Listed entries:
subsection \<open>Right pseudo-model categories\<close>

locale right_pseudo_model = model_axioms M Cof Fib W
  for M :: "('o, 'a) cat" and Cof Fib W :: "'a set" +
  fixes H P :: "'o set" and Ro :: "'o \<Rightarrow> 'o" and Ra :: "'a \<Rightarrow> 'a" and eps :: "'o \<Rightarrow> 'a"
  assumes H_Ob: "H \<subseteq> Ob M"
    and W_closed: "w \<in> W \<Longrightarrow> Dom M w \<in> H \<longleftrightarrow> Cod M w \<in> H"
    and P_H: "P \<subseteq> H"
    and R_functor: "is_functor (full_sub M H) (full_sub M P) Ro Ra"
    and counit_hom: "X \<in> H \<Longrightarrow> eps X \<in> hom M (Ro X) X"
    and counit_natural:
      "f \<in> Ar (full_sub M H) \<Longrightarrow> Cmp M (eps (Cod M f)) (Ra f) = Cmp M f (eps (Dom M f))"
    and counit_universal:
      "X \<in> H \<Longrightarrow> Y \<in> P \<Longrightarrow> f \<in> hom M Y X \<Longrightarrow> \<exists>!g. g \<in> hom M Y (Ro X) \<and> Cmp M (eps X) g = f"
    and R_Cof: "f \<in> Ar (full_sub M H) \<Longrightarrow> f \<in> Cof \<Longrightarrow> Ra f \<in> Cof"
    and R_W: "f \<in> Ar (full_sub M H) \<Longrightarrow> f \<in> W \<Longrightarrow> Ra f \<in> W"

lemma right_pseudo_model_categoryD:
  assumes "right_pseudo_model_category M Cof Fib W H P Ro Ra eps"
  shows "right_pseudo_model M Cof Fib W H P Ro Ra eps"
  using assms unfolding right_pseudo_model_category_def model_category_def
    model_structure_iff_model_axioms right_pseudo_model_def right_pseudo_model_axioms_def
  by blast

context right_pseudo_model
begin

abbreviation "MH \<equiv> full_sub M H"
abbreviation "MP \<equiv> full_sub M P"
abbreviation "FibP \<equiv> {f. \<exists>g\<in>Fib \<inter> Ar MH. retract MP f (Ra g)}"

lemma P_Ob: "P \<subseteq> Ob M"
  using P_H H_Ob by blast

lemma category_MP: "category MP"
  using category_full_sub[OF category P_Ob] .

lemma Ro_P: "X \<in> H \<Longrightarrow> Ro X \<in> P"
  using R_functor unfolding is_functor_def by auto

lemma Ra_in_hom: "f \<in> hom M X Y \<Longrightarrow> X \<in> H \<Longrightarrow> Y \<in> H \<Longrightarrow> Ra f \<in> hom M (Ro X) (Ro Y)"
  using R_functor unfolding is_functor_def by (auto simp: hom_def)

lemma counit_natural_hom:
  "f \<in> hom M X Y \<Longrightarrow> X \<in> H \<Longrightarrow> Y \<in> H \<Longrightarrow> Cmp M (eps Y) (Ra f) = Cmp M f (eps X)"
  using counit_natural[of f] by (auto simp: hom_def)

lemma transpose_exists:
  "X \<in> H \<Longrightarrow> Y \<in> P \<Longrightarrow> f \<in> hom M Y X \<Longrightarrow> \<exists>g. g \<in> hom M Y (Ro X) \<and> Cmp M (eps X) g = f"
  using counit_universal by blast

lemma transpose_unique:
  assumes X: "X \<in> H" and Y: "Y \<in> P" and g: "g \<in> hom M Y (Ro X)" and g': "g' \<in> hom M Y (Ro X)"
    and eq: "Cmp M (eps X) g = Cmp M (eps X) g'"
  shows "g = g'"
proof -
  have "\<exists>!h. h \<in> hom M Y (Ro X) \<and> Cmp M (eps X) h = Cmp M (eps X) g"
    using counit_universal[OF X Y comp_in_hom[OF category g counit_hom[OF X]]] .
  then show ?thesis using g g' eq by (metis (no_types, lifting))
qed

Brief: Now output the listing above, exactly as it appears.

Answer section:
subsection \<open>Right pseudo-model categories\<close>

locale right_pseudo_model = model_axioms M Cof Fib W
  for M :: "('o, 'a) cat" and Cof Fib W :: "'a set" +
  fixes H P :: "'o set" and Ro :: "'o \<Rightarrow> 'o" and Ra :: "'a \<Rightarrow> 'a" and eps :: "'o \<Rightarrow> 'a"
  assumes H_Ob: "H \<subseteq> Ob M"
    and W_closed: "w \<in> W \<Longrightarrow> Dom M w \<in> H \<longleftrightarrow> Cod M w \<in> H"
    and P_H: "P \<subseteq> H"
    and R_functor: "is_functor (full_sub M H) (full_sub M P) Ro Ra"
    and counit_hom: "X \<in> H \<Longrightarrow> eps X \<in> hom M (Ro X) X"
    and counit_natural:
      "f \<in> Ar (full_sub M H) \<Longrightarrow> Cmp M (eps (Cod M f)) (Ra f) = Cmp M f (eps (Dom M f))"
    and counit_universal:
      "X \<in> H \<Longrightarrow> Y \<in> P \<Longrightarrow> f \<in> hom M Y X \<Longrightarrow> \<exists>!g. g \<in> hom M Y (Ro X) \<and> Cmp M (eps X) g = f"
    and R_Cof: "f \<in> Ar (full_sub M H) \<Longrightarrow> f \<in> Cof \<Longrightarrow> Ra f \<in> Cof"
    and R_W: "f \<in> Ar (full_sub M H) \<Longrightarrow> f \<in> W \<Longrightarrow> Ra f \<in> W"

lemma right_pseudo_model_categoryD:
  assumes "right_pseudo_model_category M Cof Fib W H P Ro Ra eps"
  shows "right_pseudo_model M Cof Fib W H P Ro Ra eps"
  using assms unfolding right_pseudo_model_category_def model_category_def
    model_structure_iff_model_axioms right_pseudo_model_def right_pseudo_model_axioms_def
  by blast

context right_pseudo_model
begin

abbreviation "MH \<equiv> full_sub M H"
abbreviation "MP \<equiv> full_sub M P"
abbreviation "FibP \<equiv> {f. \<exists>g\<in>Fib \<inter> Ar MH. retract MP f (Ra g)}"

lemma P_Ob: "P \<subseteq> Ob M"
  using P_H H_Ob by blast

lemma category_MP: "category MP"
  using category_full_sub[OF category P_Ob] .

lemma Ro_P: "X \<in> H \<Longrightarrow> Ro X \<in> P"
  using R_functor unfolding is_functor_def by auto

lemma Ra_in_hom: "f \<in> hom M X Y \<Longrightarrow> X \<in> H \<Longrightarrow> Y \<in> H \<Longrightarrow> Ra f \<in> hom M (Ro X) (Ro Y)"
  using R_functor unfolding is_functor_def by (auto simp: hom_def)

lemma counit_natural_hom:
  "f \<in> hom M X Y \<Longrightarrow> X \<in> H \<Longrightarrow> Y \<in> H \<Longrightarrow> Cmp M (eps Y) (Ra f) = Cmp M f (eps X)"
  using counit_natural[of f] by (auto simp: hom_def)

lemma transpose_exists:
  "X \<in> H \<Longrightarrow> Y \<in> P \<Longrightarrow> f \<in> hom M Y X \<Longrightarrow> \<exists>g. g \<in> hom M Y (Ro X) \<and> Cmp M (eps X) g = f"
  using counit_universal by blast

lemma transpose_unique:
  assumes X: "X \<in> H" and Y: "Y \<in> P" and g: "g \<in> hom M Y (Ro X)" and g': "g' \<in> hom M Y (Ro X)"
    and eq: "Cmp M (eps X) g = Cmp M (eps X) g'"
  shows "g = g'"
proof -
  have "\<exists>!h. h \<in> hom M Y (Ro X) \<and> Cmp M (eps X) h = Cmp M (eps X) g"
    using counit_universal[OF X Y comp_in_hom[OF category g counit_hom[OF X]]] .
  then show ?thesis using g g' eq by (metis (no_types, lifting))
qed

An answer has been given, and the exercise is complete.